### Material for this exercise ###

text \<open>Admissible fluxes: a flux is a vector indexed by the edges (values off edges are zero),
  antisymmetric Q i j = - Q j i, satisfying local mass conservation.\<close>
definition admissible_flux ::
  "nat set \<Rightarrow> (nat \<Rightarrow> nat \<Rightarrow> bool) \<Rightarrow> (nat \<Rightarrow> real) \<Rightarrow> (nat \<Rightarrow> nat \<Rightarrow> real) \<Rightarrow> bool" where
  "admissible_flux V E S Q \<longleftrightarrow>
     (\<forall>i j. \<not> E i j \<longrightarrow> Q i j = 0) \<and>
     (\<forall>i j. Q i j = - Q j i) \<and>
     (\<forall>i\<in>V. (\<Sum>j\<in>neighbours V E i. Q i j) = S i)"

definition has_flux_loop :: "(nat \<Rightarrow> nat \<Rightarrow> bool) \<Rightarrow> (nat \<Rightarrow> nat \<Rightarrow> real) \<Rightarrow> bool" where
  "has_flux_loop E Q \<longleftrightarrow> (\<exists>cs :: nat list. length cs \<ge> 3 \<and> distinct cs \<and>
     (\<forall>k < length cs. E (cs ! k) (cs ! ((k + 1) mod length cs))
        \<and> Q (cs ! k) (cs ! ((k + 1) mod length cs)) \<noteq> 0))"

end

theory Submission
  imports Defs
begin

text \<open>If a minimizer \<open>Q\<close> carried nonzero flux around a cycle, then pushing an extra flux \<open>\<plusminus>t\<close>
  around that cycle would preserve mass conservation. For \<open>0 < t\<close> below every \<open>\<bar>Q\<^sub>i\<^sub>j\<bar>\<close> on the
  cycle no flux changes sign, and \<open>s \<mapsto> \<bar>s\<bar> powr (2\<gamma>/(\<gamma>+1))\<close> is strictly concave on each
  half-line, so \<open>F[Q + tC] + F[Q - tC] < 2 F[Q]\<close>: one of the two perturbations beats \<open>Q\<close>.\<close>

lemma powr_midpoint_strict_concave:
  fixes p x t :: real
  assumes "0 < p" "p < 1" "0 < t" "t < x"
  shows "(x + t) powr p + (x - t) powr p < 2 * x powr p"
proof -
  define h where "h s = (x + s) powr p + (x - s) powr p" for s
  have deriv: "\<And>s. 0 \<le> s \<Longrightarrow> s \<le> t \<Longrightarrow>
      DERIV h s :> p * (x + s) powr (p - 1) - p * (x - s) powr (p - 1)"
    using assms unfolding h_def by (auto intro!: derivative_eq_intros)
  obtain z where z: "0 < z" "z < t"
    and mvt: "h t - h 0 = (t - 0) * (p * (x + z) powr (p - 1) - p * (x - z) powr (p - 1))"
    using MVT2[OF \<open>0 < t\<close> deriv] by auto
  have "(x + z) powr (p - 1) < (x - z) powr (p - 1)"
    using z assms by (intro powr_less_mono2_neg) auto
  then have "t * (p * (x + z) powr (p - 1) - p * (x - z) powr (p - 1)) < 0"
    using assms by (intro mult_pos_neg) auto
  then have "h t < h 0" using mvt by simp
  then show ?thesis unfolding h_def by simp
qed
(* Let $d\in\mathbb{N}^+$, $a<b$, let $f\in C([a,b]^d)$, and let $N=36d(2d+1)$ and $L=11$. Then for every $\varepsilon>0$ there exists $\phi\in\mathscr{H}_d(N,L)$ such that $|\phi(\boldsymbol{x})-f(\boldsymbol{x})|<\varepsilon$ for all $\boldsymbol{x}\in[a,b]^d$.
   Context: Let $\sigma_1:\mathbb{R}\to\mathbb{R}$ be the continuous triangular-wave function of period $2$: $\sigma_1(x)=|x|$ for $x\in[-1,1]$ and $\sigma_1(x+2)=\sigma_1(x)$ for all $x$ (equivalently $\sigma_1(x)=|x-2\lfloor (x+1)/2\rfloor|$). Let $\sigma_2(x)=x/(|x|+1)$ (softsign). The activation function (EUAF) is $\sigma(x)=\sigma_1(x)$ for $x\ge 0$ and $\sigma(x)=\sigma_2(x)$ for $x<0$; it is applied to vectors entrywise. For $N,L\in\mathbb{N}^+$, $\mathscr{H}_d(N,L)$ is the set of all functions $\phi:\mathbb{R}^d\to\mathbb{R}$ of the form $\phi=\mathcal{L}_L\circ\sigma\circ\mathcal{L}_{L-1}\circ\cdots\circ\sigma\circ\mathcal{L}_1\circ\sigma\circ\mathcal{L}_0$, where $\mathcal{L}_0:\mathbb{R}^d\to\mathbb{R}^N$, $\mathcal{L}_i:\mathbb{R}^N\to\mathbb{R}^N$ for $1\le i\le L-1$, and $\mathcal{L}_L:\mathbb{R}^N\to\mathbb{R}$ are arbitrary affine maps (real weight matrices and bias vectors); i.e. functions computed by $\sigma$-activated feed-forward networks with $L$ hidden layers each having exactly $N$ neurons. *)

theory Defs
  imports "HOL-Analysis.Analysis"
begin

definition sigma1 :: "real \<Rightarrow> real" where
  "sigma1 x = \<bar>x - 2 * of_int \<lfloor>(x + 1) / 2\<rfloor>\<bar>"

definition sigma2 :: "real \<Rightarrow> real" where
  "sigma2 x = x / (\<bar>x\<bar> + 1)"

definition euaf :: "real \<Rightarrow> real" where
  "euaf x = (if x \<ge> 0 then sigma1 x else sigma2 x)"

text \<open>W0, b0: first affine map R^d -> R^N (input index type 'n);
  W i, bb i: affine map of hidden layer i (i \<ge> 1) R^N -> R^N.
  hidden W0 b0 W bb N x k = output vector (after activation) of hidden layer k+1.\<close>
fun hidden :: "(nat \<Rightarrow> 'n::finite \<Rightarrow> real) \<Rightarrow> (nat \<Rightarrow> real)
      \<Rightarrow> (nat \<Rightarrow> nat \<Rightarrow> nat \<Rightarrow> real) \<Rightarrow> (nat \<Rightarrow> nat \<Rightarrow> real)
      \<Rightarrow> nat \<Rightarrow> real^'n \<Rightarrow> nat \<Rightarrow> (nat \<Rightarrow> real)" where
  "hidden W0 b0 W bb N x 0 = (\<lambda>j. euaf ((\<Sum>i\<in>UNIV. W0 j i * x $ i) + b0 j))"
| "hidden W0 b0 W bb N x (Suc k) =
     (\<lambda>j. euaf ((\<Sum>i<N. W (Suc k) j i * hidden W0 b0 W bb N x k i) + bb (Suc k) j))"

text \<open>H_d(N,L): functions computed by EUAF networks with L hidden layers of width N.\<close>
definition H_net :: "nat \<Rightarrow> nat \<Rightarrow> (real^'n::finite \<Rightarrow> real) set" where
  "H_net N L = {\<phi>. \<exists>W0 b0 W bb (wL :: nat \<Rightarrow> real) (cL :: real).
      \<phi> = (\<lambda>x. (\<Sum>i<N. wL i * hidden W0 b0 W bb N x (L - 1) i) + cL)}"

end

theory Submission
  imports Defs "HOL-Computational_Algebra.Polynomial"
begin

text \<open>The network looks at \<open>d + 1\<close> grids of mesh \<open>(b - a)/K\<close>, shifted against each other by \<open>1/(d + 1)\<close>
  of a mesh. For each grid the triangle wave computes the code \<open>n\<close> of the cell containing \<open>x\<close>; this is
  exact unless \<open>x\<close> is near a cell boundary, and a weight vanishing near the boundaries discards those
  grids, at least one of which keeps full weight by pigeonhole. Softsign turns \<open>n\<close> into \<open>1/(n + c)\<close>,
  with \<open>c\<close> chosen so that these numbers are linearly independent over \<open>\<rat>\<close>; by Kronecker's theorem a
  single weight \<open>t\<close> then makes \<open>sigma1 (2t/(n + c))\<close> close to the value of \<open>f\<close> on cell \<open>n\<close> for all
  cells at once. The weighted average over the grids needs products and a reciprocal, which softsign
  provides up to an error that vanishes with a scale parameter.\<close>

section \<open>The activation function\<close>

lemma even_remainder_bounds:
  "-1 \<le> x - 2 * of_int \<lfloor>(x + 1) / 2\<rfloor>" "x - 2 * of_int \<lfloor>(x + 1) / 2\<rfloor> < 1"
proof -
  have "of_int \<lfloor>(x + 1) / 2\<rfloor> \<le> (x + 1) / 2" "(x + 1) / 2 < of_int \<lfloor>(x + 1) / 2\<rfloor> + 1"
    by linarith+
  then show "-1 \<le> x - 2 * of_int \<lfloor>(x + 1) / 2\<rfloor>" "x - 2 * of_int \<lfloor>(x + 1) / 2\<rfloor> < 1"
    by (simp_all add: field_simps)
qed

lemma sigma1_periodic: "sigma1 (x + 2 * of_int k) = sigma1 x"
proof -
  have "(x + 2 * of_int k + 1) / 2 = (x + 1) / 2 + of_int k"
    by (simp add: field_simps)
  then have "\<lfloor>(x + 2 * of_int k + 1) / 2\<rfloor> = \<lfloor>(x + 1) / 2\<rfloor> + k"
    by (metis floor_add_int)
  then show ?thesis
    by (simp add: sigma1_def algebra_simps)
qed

###

Task objective: Copy the lines above exactly. Start with the line containing "(cL :: real).", end with the line containing "exact unless \<open>x\<close>", and include both.

Solution for this problem:
  "H_net N L = {\<phi>. \<exists>W0 b0 W bb (wL :: nat \<Rightarrow> real) (cL :: real).
      \<phi> = (\<lambda>x. (\<Sum>i<N. wL i * hidden W0 b0 W bb N x (L - 1) i) + cL)}"

end

theory Submission
  imports Defs "HOL-Computational_Algebra.Polynomial"
begin

text \<open>The network looks at \<open>d + 1\<close> grids of mesh \<open>(b - a)/K\<close>, shifted against each other by \<open>1/(d + 1)\<close>
  of a mesh. For each grid the triangle wave computes the code \<open>n\<close> of the cell containing \<open>x\<close>; this is
  exact unless \<open>x\<close> is near a cell boundary, and a weight vanishing near the boundaries discards those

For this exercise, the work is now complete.